DATA SECTION:
lemma monomials_in_span_mod_Int:
  fixes p q m :: nat
  assumes "0 < p" and "p \<le> q" and "coprime p q" and "0 < m"
    and toric: "(q - p) dvd m"
    and H1: "hilb_point p q m J1" and H2: "hilb_point p q m J2"
    and "gamma p q m J1 = gamma p q m J2"
    and "eta_neg J1 = eta_neg J2"
    and "eta_pos J1 = eta_pos J2"
    and "wt p q m a = wt p q m b" and "mono b \<notin> J1 \<inter> J2"
  shows "in_span_mod (J1 \<inter> J2) (mono a) (mono b)"
proof -
  have K: "is_ideal5 (J1 \<inter> J2)"
    using H1 H2 by (simp add: is_ideal5_Int hilb_point_is_ideal5)
  obtain u v \<delta> where lin: "in_span_mod (J1 \<inter> J2) (Var 1) u" "in_span_mod (J1 \<inter> J2) (Var 2) u"
      "in_span_mod (J1 \<inter> J2) (Var 3) v" "in_span_mod (J1 \<inter> J2) (Var 4) v"
    and zuv: "zuv_relations (J1 \<inter> J2) (Var 0) u v p q m (q - p) \<delta>"
    using hilb_points_zuv_relations[OF assms(1-10)] .
  interpret Z: zuv_relations "J1 \<inter> J2" "Var 0" u v p q m "q - p" \<delta>
    by (rule zuv)
  let ?reduced = "\<lambda>a. Z.zuv (Poly_Mapping.lookup a 0) (Poly_Mapping.lookup a 1 + Poly_Mapping.lookup a 2)
    (Poly_Mapping.lookup a 3 + Poly_Mapping.lookup a 4)"
  have reduced: "in_span_mod (J1 \<inter> J2) (mono a) (?reduced a)" "in_span_mod (J1 \<inter> J2) (mono b) (?reduced b)"
    using mono_in_span_mod_reduced[OF K lin] by (simp_all add: Z.zuv_def)
  have "comparable_mod (J1 \<inter> J2) (?reduced a) (?reduced b)"
    using \<open>wt p q m a = wt p q m b\<close> by (intro Z.zuv_comparable_if_same_weight) (simp only: wt_eq_exp_weight)
  then show ?thesis
    using in_span_mod_if_comparable_reductions[OF K reduced] \<open>mono b \<notin> J1 \<inter> J2\<close> by blast
qed

theorem lemma6p3:
  fixes p q m :: nat
  assumes "0 < p" and "p \<le> q" and "coprime p q" and "0 < m"
    and toric: "(q - p) dvd m"
    and H1: "hilb_point p q m J1" and H2: "hilb_point p q m J2"
    and "gamma p q m J1 = gamma p q m J2"
    and "eta_neg J1 = eta_neg J2"
    and "eta_pos J1 = eta_pos J2"
  shows "J1 = J2"
proof
  show "J1 \<subseteq> J2"
    using hilb_point_subset_if_monomials_in_span[OF H1 H2 \<open>0 < m\<close>] monomials_in_span_mod_Int[OF assms]
    by blast
  show "J2 \<subseteq> J1"
    using hilb_point_subset_if_monomials_in_span[OF H2 H1 \<open>0 < m\<close>]
      monomials_in_span_mod_Int[OF assms(1-5) H2 H1 assms(8-10)[symmetric]]
    by (simp add: Int_commute)
qed

end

WHAT THIS TASK INVOLVES:
Gather up the lines containing the word "close" from these records and copy them.

ANSWER FOR THE TASK:
    using \<open>wt p q m a = wt p q m b\<close> by (intro Z.zuv_comparable_if_same_weight) (simp only: wt_eq_exp_weight)
    using in_span_mod_if_comparable_reductions[OF K reduced] \<open>mono b \<notin> J1 \<inter> J2\<close> by blast
    using hilb_point_subset_if_monomials_in_span[OF H1 H2 \<open>0 < m\<close>] monomials_in_span_mod_Int[OF assms]
    using hilb_point_subset_if_monomials_in_span[OF H2 H1 \<open>0 < m\<close>]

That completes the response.